Lamun (seagrass) adalah tumbuhan tingkat tinggi (Anthophyta) yang hidup dan
tumbuh terbenam di lingkungan laut; berpembuluh, berimpang (rhizome), berakar, dan
berkembang biak secara generatif (biji) dan vegetatif. Rimpangnya merupakan batang yang
beruas-ruas yang tumbuh terbenam dan menjalar dalam substrat pasir, lumpur dan pecahan
karang. Padang Lamun (seagrass bed) adalah hamparan tumbuhan lamun yang menutupi
suatu area pesisir/laut dangkal yang dapat terbentuk oleh satu jenis lamun (monospecific) atau
lebih (mixed vegetation) dengan kerapatan tanaman yang padat (dense) sedang (medium) atau
jarang (sparse). Ekosistem lamun (seagrass ecosystem) adalah satu system (organisasi)

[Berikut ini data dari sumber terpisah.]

text \<open>The signed determinants are the coefficients of the power series \<open>1 / (1 + x a(x))\<close>.\<close>

lemma signed_hess_det_Suc:
  "signed_hess_det a (Suc n) = - (\<Sum>m<Suc n. signed_hess_det a m * a (n - m))"
proof -
  have "(\<Sum>m<Suc n. signed_hess_det a m * a (n - m)) = (\<Sum>j<Suc n. signed_hess_det a (n - j) * a j)"
    using sum.nat_diff_reindex[of "\<lambda>m. signed_hess_det a m * a (n - m)" "Suc n"] by simp
  also have "\<dots> = (\<Sum>j<Suc n. - ((-1) ^ Suc n * ((-1) ^ j * a j * hess_det a (n - j))))"
  proof (rule sum.cong[OF refl])
    fix j assume "j \<in> {..<Suc n}"
    then have "(-1::real) ^ Suc n * (-1) ^ j = - ((-1) ^ (n - j))"
      by (auto simp: minus_one_power_iff)
    then show "signed_hess_det a (n - j) * a j
        = - ((-1) ^ Suc n * ((-1) ^ j * a j * hess_det a (n - j)))"
      unfolding signed_hess_det_def by (simp add: algebra_simps)
  qed
  finally show ?thesis
    unfolding signed_hess_det_def hess_det_Suc sum_distrib_left sum_negf by simp
qed

lemma signed_hess_det_row_combination:
  assumes j: "j < L"
  shows "(\<Sum>m = 0..<L. signed_hess_det a m * hess_entry a m j)
    = (if j = L - 1 then - signed_hess_det a L else 0)"
proof -
  have "(\<Sum>m = 0..<L. signed_hess_det a m * hess_entry a m j)
      = (\<Sum>m = 0..<Suc j. signed_hess_det a m * hess_entry a m j)
        + (\<Sum>m = Suc j..<L. signed_hess_det a m * hess_entry a m j)"
    using j by (intro sum.atLeastLessThan_concat[symmetric]) auto
  also have "(\<Sum>m = 0..<Suc j. signed_hess_det a m * hess_entry a m j) = - signed_hess_det a (Suc j)"
    unfolding signed_hess_det_Suc atLeast0LessThan by (auto simp: hess_entry_def intro: sum.cong)
  also have "(\<Sum>m = Suc j..<L. signed_hess_det a m * hess_entry a m j)
      = (if Suc j < L then signed_hess_det a (Suc j) else 0)"
  proof (cases "Suc j < L")
    case True
    then have "(\<Sum>m = Suc j..<L. signed_hess_det a m * hess_entry a m j)
        = signed_hess_det a (Suc j) * hess_entry a (Suc j) j
          + (\<Sum>m = Suc (Suc j)..<L. signed_hess_det a m * hess_entry a m j)"
      by (rule sum.atLeast_Suc_lessThan)
    then show ?thesis
      using True by (simp add: hess_entry_below_subdiag) (simp add: hess_entry_def)
  qed simp
  finally show ?thesis using j by auto
qed
(* Let $m\ge 2$ be an even integer and $k$ an integer with $\gcd(k,m)=1$. Let $\alpha\in\mathbb{F}_{2^m}$, $\alpha\neq 0$, and let $\sigma$ be a field automorphism of $\mathbb{F}_{2^m}$. Define $f:\mathbb{F}_{2^m}^2\to\mathbb{F}_{2^m}^2$ (identifying $\mathbb{F}_{2^m}^2$ additively with $\mathbb{F}_{2^{2m}}$) by $$f(x,y)=\big(x^{2^k+1}+\alpha\,\sigma(y^{2^k+1}),\ xy\big).$$ Then $f$ is APN if and only if $\alpha$ cannot be written as $a^{2^k+1}(t^{2^k}+t)^{1-\sigma}$ with $a,t\in\mathbb{F}_{2^m}$ and $t^{2^k}+t\neq 0$, where $z^{1-\sigma}$ denotes $z/\sigma(z)$ for $z\neq 0$.
   Context: A function $f$ on an elementary abelian $2$-group $V$ (here $V=\mathbb{F}_{2^{2m}}$) is almost perfect nonlinear (APN) if for every $a\neq 0$ and every $b$ the equation $f(x+a)-f(x)=b$ has at most two solutions $x\in V$. *)

theory Defs
  imports Main "HOL-Library.Product_Plus"
begin

definition APN :: "('v::{ab_group_add,finite} \<Rightarrow> 'v) \<Rightarrow> bool" where
  "APN f \<longleftrightarrow> (\<forall>a b. a \<noteq> 0 \<longrightarrow> card {x. f (x + a) - f x = b} \<le> 2)"

definition field_automorphism :: "('a::field \<Rightarrow> 'a) \<Rightarrow> bool" where
  "field_automorphism \<sigma> \<longleftrightarrow> bij \<sigma> \<and> \<sigma> 1 = 1 \<and>
     (\<forall>x y. \<sigma> (x + y) = \<sigma> x + \<sigma> y) \<and> (\<forall>x y. \<sigma> (x * y) = \<sigma> x * \<sigma> y)"

end

theory Submission
  imports Defs "HOL-Computational_Algebra.Primes"
begin

text \<open>The map f is quadratic over GF(2): f(p + q) - f(p) - f(q) = B(p, q) with B additive in p,
  so f is APN iff for every q \<noteq> 0 the kernel of B(\<cdot>, q) is just {0, q}. For p = (x, y) and
  q = (a, b) the second coordinate of B(p, q) = 0 forces p = u q, and the first then reads
  a^(2^k+1) s + \<alpha> \<sigma>(b^(2^k+1) s) = 0 with s = u^(2^k) + u. As gcd(k, m) = 1, s vanishes only
  for u \<in> {0, 1}, i.e. p \<in> {0, q}; a solution with s \<noteq> 0 is exactly a representation
  \<alpha> = (a / \<sigma> b)^(2^k+1) s / \<sigma> s, and conversely such a representation, taken with
  q = (a, 1), yields the third kernel element (t a, t).\<close>

lemma power_card_UNIV_eq_self:
  fixes x :: "'a::{field,finite}"
  shows "x ^ card (UNIV :: 'a set) = x"
proof (cases "x = 0")
  case True
  then show ?thesis by (simp add: finite_UNIV_card_ge_0 power_0_left)
next
  case False
  let ?U = "UNIV - {0::'a}"
  have "(\<Prod>y\<in>?U. y) = (\<Prod>y\<in>?U. x * y)"
    by (rule prod.reindex_bij_witness[of _ "\<lambda>y. x * y" "\<lambda>y. y / x"]) (use False in auto)
  also have "\<dots> = x ^ (card (UNIV :: 'a set) - 1) * (\<Prod>y\<in>?U. y)"
    by (simp add: prod.distrib card_Diff_singleton)
  finally have "x ^ (card (UNIV :: 'a set) - 1) = 1" by simp
  then show ?thesis
    using power_minus_mult[OF finite_UNIV_card_ge_0[where 'a='a], of x] by simp
qed

lemma power_two_power_eq_self_mult:
  fixes x :: "'a::monoid_mult"
  assumes "x ^ 2 ^ i = x"
  shows "x ^ 2 ^ (i * n) = x"
proof (induction n)
  case (Suc n)
  have "x ^ 2 ^ (i * Suc n) = (x ^ 2 ^ (i * n)) ^ 2 ^ i"
    by (simp add: power_add power_mult[symmetric] mult.commute)
  then show ?case using Suc assms by simp
qed simp

lemma power_two_power_gcd_eq_self:
  fixes x :: "'a::{field,finite}"
  assumes card: "card (UNIV :: 'a set) = 2 ^ m" and fixed: "x ^ 2 ^ k = x"
  shows "x ^ 2 ^ gcd k m = x"
proof (cases "k = 0")
  case True
  then show ?thesis using power_card_UNIV_eq_self[of x] card by simp
next
  case False
  then obtain p q where pq: "k * p = m * q + gcd k m" using bezout_nat by blast
  have "x = x ^ 2 ^ (k * p)" using power_two_power_eq_self_mult[OF fixed] by simp
  also have "\<dots> = (x ^ 2 ^ (m * q)) ^ 2 ^ gcd k m"
    by (simp add: pq power_add power_mult)
  also have "x ^ 2 ^ (m * q) = x"
    using power_two_power_eq_self_mult[of x m q] power_card_UNIV_eq_self[of x] card by simp
  finally show ?thesis by simp
qed

lemma power_two_power_fixed_points:
  fixes x :: "'a::{field,finite}"
  assumes "card (UNIV :: 'a set) = 2 ^ m" and "gcd k m = 1" and "x ^ 2 ^ k = x"
  shows "x = 0 \<or> x = 1"
proof -
  have "x ^ 2 = x" using power_two_power_gcd_eq_self[OF assms(1,3)] assms(2) by simp
  then have "x * (x - 1) = 0" by (simp add: power2_eq_square algebra_simps)
  then show ?thesis by auto
qed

ekologi padang lamun, di dalamnya terjadi hubungan timbal balik antara komponen abiotic
dan komponen biotik hewan dan tumbuhan (Sjafrie et al., 2018)
2.2.2 Karakteristik Lamun
Menurut Latuconsina (2019), karakteristik lamun adalah daun lamun terdapat
sejumlah rongga udara untuk memungkinkan akumulasi dan pendistribusian gas, juga
berfungsi sebagai buoyancy untuk selalu tegak dalam air dan tetap fleksibel terhadap gerakan
arus. Bagian akar terdapat banyak lacunae untuk memungkinkan pengaliran oksigen hasil
fotosintesis dari daun ke akar yang penting untuk respirasi akar yang selalu terbenam. Dan
memiliki system perakaran yang disertai rhizome yang salin menyilang pada dasar perairan,
menyebabkan vegetasi lamun sangat kuat menancap pada dasar perairan laut.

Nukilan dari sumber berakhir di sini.